Records from a data collection ->
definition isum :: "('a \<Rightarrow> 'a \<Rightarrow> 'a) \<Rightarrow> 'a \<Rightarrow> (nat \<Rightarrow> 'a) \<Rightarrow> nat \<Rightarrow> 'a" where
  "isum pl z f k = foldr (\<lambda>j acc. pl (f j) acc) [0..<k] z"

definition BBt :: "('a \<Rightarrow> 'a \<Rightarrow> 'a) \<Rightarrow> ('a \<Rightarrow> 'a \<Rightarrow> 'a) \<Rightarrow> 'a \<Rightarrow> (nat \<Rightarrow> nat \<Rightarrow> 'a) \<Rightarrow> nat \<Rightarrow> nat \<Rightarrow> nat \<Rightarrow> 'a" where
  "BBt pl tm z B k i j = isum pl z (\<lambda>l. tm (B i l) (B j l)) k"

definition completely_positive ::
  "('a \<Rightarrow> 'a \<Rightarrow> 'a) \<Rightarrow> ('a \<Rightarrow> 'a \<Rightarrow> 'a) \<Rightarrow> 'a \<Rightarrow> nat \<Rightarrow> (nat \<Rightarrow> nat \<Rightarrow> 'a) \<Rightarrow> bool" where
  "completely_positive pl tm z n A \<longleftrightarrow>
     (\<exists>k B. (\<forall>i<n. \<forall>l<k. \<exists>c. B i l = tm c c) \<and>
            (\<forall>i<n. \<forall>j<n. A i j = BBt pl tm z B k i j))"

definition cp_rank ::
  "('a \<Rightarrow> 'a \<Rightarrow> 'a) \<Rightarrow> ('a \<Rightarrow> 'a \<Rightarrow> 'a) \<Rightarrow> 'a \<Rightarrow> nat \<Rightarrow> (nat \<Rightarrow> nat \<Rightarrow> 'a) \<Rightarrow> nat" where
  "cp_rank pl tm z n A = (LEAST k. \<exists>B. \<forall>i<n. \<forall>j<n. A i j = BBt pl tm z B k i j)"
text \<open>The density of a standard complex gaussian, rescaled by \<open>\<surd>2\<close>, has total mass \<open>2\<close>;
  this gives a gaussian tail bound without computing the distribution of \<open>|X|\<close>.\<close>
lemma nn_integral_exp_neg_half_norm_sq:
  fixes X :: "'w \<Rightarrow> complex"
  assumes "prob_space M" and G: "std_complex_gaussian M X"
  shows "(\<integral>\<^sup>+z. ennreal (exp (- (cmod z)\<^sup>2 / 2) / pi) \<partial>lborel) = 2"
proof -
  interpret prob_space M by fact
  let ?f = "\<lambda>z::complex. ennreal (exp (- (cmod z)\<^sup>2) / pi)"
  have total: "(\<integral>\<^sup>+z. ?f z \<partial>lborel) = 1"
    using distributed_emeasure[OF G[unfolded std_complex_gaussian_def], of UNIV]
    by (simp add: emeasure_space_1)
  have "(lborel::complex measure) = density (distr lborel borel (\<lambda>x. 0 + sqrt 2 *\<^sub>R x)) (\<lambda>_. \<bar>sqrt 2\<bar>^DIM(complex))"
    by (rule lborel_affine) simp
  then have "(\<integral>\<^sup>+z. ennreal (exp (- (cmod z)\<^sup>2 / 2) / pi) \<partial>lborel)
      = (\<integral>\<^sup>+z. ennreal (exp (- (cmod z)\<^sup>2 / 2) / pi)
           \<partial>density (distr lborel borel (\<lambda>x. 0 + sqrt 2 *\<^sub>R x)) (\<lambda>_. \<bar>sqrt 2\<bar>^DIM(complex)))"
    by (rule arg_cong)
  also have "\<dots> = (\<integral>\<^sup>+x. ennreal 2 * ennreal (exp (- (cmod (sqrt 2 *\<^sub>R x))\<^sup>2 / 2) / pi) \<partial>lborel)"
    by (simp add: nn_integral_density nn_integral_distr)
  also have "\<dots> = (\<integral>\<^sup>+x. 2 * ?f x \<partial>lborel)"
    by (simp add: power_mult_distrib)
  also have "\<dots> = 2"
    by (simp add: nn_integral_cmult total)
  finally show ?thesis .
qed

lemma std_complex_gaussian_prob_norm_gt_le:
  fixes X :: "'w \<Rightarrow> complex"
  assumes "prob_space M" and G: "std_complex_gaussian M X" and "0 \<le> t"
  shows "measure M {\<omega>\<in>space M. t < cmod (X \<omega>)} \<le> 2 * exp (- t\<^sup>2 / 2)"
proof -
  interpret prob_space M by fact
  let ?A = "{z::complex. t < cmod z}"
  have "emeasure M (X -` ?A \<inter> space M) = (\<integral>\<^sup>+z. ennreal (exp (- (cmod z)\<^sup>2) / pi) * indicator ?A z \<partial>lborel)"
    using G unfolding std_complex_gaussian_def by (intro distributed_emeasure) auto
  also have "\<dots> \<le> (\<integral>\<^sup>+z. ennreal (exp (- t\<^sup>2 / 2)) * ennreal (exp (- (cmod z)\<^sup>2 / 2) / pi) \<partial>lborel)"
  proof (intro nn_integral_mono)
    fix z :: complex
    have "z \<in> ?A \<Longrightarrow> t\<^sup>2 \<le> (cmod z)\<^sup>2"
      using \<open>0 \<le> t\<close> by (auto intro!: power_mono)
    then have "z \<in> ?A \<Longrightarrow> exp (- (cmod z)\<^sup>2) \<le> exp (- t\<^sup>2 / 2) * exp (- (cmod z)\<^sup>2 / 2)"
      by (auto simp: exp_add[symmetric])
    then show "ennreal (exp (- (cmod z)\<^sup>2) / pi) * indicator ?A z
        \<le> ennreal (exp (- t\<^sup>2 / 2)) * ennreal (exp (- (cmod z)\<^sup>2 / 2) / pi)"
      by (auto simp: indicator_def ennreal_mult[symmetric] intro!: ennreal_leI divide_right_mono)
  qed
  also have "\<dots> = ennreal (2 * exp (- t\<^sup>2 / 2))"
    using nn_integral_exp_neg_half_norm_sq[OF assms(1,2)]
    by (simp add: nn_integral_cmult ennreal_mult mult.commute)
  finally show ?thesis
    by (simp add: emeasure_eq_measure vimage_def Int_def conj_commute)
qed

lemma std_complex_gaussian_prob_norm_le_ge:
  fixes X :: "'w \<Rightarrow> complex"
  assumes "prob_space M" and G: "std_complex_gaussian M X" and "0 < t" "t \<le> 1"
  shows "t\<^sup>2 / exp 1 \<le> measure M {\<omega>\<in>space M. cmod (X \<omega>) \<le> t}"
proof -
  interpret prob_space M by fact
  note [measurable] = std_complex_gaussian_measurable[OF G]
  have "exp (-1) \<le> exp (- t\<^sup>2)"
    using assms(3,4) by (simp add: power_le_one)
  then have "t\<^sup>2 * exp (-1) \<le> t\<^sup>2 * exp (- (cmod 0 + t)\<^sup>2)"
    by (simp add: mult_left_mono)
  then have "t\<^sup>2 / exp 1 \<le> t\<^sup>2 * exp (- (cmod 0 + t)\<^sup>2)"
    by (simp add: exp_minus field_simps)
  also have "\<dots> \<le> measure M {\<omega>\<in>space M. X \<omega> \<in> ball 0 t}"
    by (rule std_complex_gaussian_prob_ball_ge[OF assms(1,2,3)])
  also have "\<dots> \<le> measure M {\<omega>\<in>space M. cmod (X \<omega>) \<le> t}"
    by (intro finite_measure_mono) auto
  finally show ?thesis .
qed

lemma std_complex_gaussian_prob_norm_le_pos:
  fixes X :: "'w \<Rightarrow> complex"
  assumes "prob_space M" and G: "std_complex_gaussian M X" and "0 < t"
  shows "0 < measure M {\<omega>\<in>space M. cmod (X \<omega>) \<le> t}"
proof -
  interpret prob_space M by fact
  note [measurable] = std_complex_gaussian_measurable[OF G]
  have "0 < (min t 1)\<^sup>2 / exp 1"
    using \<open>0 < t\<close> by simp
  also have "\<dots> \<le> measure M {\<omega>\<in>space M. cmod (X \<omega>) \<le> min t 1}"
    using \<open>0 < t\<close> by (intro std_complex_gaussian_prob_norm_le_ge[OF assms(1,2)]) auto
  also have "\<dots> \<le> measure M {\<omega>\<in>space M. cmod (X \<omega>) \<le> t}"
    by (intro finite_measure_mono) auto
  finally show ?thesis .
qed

==

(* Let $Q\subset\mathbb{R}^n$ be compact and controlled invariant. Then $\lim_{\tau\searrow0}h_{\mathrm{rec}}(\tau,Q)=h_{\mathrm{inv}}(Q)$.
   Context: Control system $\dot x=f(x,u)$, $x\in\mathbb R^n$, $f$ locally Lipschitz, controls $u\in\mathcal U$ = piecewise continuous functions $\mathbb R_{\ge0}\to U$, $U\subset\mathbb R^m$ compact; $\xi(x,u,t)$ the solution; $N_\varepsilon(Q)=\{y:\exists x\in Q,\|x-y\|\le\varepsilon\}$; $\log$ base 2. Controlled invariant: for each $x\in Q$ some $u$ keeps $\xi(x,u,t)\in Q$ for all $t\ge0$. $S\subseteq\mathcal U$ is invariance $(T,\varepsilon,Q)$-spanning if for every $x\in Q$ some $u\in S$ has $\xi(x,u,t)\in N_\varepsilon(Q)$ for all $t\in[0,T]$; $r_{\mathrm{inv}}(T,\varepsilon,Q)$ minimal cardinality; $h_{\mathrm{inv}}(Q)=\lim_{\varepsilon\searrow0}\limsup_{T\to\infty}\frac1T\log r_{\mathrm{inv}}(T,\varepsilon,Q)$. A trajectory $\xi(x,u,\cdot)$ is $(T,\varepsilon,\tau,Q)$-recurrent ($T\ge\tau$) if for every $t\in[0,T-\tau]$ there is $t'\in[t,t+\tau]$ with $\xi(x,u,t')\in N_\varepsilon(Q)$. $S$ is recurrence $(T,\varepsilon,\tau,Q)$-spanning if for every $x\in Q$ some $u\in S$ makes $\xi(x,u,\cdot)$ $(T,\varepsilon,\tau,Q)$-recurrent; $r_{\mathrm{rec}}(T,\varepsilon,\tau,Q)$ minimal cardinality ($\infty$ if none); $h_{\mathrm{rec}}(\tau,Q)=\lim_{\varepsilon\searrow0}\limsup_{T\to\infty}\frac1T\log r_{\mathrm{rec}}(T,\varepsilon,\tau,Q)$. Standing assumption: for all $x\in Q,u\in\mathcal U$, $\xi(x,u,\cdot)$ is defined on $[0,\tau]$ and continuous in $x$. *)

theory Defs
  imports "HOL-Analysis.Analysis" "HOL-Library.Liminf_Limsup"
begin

* * *

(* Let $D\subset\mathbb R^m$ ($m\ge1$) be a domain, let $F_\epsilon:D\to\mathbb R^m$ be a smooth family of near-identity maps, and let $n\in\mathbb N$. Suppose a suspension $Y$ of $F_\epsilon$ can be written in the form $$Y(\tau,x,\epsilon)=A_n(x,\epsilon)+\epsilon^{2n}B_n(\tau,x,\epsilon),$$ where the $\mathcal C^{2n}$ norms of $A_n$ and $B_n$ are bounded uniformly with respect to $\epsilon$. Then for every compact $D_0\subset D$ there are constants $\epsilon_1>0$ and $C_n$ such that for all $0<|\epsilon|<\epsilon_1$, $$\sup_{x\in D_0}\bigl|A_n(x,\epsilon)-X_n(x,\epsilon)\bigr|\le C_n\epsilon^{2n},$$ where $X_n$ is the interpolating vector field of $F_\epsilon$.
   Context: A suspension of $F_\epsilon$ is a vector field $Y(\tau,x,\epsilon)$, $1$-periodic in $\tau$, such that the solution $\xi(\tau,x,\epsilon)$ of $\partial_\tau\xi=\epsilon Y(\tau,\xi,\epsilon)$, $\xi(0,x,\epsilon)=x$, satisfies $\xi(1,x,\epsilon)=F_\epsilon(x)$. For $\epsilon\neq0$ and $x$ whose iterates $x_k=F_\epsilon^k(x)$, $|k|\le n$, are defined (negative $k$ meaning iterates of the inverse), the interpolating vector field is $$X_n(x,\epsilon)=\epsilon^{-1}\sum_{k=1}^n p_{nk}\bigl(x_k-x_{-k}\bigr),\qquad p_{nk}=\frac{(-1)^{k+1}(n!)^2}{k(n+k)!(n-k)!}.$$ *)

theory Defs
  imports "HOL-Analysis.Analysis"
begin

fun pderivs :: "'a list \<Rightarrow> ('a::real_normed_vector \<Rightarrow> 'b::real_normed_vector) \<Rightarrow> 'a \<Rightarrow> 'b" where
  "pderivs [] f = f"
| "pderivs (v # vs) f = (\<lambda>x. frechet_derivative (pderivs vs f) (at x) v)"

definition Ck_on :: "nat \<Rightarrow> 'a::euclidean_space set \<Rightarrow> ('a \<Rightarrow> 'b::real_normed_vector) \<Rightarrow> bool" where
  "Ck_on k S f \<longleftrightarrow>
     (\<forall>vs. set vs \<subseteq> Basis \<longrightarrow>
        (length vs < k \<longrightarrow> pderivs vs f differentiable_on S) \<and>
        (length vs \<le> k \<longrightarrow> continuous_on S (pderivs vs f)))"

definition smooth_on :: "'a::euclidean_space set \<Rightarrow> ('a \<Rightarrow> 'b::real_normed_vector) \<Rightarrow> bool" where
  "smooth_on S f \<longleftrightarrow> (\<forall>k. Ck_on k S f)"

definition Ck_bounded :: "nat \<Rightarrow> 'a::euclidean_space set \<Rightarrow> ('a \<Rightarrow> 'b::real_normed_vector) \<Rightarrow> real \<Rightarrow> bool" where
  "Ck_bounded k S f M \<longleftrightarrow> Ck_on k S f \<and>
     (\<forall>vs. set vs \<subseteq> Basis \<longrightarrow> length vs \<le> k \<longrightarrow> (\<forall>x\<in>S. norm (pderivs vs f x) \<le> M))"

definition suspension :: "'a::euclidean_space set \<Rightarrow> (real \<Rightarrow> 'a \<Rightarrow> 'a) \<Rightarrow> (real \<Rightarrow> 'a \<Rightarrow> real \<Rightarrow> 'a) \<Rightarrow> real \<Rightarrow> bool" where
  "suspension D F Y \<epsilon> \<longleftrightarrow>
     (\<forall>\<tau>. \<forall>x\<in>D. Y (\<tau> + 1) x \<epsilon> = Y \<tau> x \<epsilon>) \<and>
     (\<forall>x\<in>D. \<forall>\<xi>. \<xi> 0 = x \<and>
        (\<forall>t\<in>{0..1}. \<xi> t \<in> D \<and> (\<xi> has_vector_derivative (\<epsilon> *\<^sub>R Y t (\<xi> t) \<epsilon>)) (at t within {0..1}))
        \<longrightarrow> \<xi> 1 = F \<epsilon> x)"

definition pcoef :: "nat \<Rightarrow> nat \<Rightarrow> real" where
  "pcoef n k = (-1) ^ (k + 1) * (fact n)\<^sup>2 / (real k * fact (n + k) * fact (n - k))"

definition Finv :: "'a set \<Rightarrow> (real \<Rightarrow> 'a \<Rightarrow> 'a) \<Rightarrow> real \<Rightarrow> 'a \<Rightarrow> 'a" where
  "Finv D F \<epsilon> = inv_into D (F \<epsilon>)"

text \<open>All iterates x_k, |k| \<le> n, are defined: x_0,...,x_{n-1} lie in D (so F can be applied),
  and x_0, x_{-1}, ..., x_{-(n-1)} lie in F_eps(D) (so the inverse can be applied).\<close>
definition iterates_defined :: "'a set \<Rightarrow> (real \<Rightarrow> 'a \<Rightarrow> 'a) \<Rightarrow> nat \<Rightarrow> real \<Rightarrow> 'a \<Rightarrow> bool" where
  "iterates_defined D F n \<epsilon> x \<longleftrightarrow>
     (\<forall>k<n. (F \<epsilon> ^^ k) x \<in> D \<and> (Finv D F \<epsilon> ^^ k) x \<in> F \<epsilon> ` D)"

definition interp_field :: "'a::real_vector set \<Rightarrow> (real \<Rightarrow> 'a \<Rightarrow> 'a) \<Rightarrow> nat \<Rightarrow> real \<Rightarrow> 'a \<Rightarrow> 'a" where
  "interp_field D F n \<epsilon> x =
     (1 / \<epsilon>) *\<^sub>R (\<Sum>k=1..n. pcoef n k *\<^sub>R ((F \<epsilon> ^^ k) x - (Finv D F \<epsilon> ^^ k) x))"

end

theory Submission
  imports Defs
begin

Aim of the task -> Looking at the entries above, can you reproduce exactly the lines from the one that holds "(nat \<Rightarrow> 'a)" through the one that holds "by (simp add: emeasure_space_1)", and only those?

Response ->
definition isum :: "('a \<Rightarrow> 'a \<Rightarrow> 'a) \<Rightarrow> 'a \<Rightarrow> (nat \<Rightarrow> 'a) \<Rightarrow> nat \<Rightarrow> 'a" where
  "isum pl z f k = foldr (\<lambda>j acc. pl (f j) acc) [0..<k] z"

definition BBt :: "('a \<Rightarrow> 'a \<Rightarrow> 'a) \<Rightarrow> ('a \<Rightarrow> 'a \<Rightarrow> 'a) \<Rightarrow> 'a \<Rightarrow> (nat \<Rightarrow> nat \<Rightarrow> 'a) \<Rightarrow> nat \<Rightarrow> nat \<Rightarrow> nat \<Rightarrow> 'a" where
  "BBt pl tm z B k i j = isum pl z (\<lambda>l. tm (B i l) (B j l)) k"

definition completely_positive ::
  "('a \<Rightarrow> 'a \<Rightarrow> 'a) \<Rightarrow> ('a \<Rightarrow> 'a \<Rightarrow> 'a) \<Rightarrow> 'a \<Rightarrow> nat \<Rightarrow> (nat \<Rightarrow> nat \<Rightarrow> 'a) \<Rightarrow> bool" where
  "completely_positive pl tm z n A \<longleftrightarrow>
     (\<exists>k B. (\<forall>i<n. \<forall>l<k. \<exists>c. B i l = tm c c) \<and>
            (\<forall>i<n. \<forall>j<n. A i j = BBt pl tm z B k i j))"

definition cp_rank ::
  "('a \<Rightarrow> 'a \<Rightarrow> 'a) \<Rightarrow> ('a \<Rightarrow> 'a \<Rightarrow> 'a) \<Rightarrow> 'a \<Rightarrow> nat \<Rightarrow> (nat \<Rightarrow> nat \<Rightarrow> 'a) \<Rightarrow> nat" where
  "cp_rank pl tm z n A = (LEAST k. \<exists>B. \<forall>i<n. \<forall>j<n. A i j = BBt pl tm z B k i j)"
text \<open>The density of a standard complex gaussian, rescaled by \<open>\<surd>2\<close>, has total mass \<open>2\<close>;
  this gives a gaussian tail bound without computing the distribution of \<open>|X|\<close>.\<close>
lemma nn_integral_exp_neg_half_norm_sq:
  fixes X :: "'w \<Rightarrow> complex"
  assumes "prob_space M" and G: "std_complex_gaussian M X"
  shows "(\<integral>\<^sup>+z. ennreal (exp (- (cmod z)\<^sup>2 / 2) / pi) \<partial>lborel) = 2"
proof -
  interpret prob_space M by fact
  let ?f = "\<lambda>z::complex. ennreal (exp (- (cmod z)\<^sup>2) / pi)"
  have total: "(\<integral>\<^sup>+z. ?f z \<partial>lborel) = 1"
    using distributed_emeasure[OF G[unfolded std_complex_gaussian_def], of UNIV]
    by (simp add: emeasure_space_1)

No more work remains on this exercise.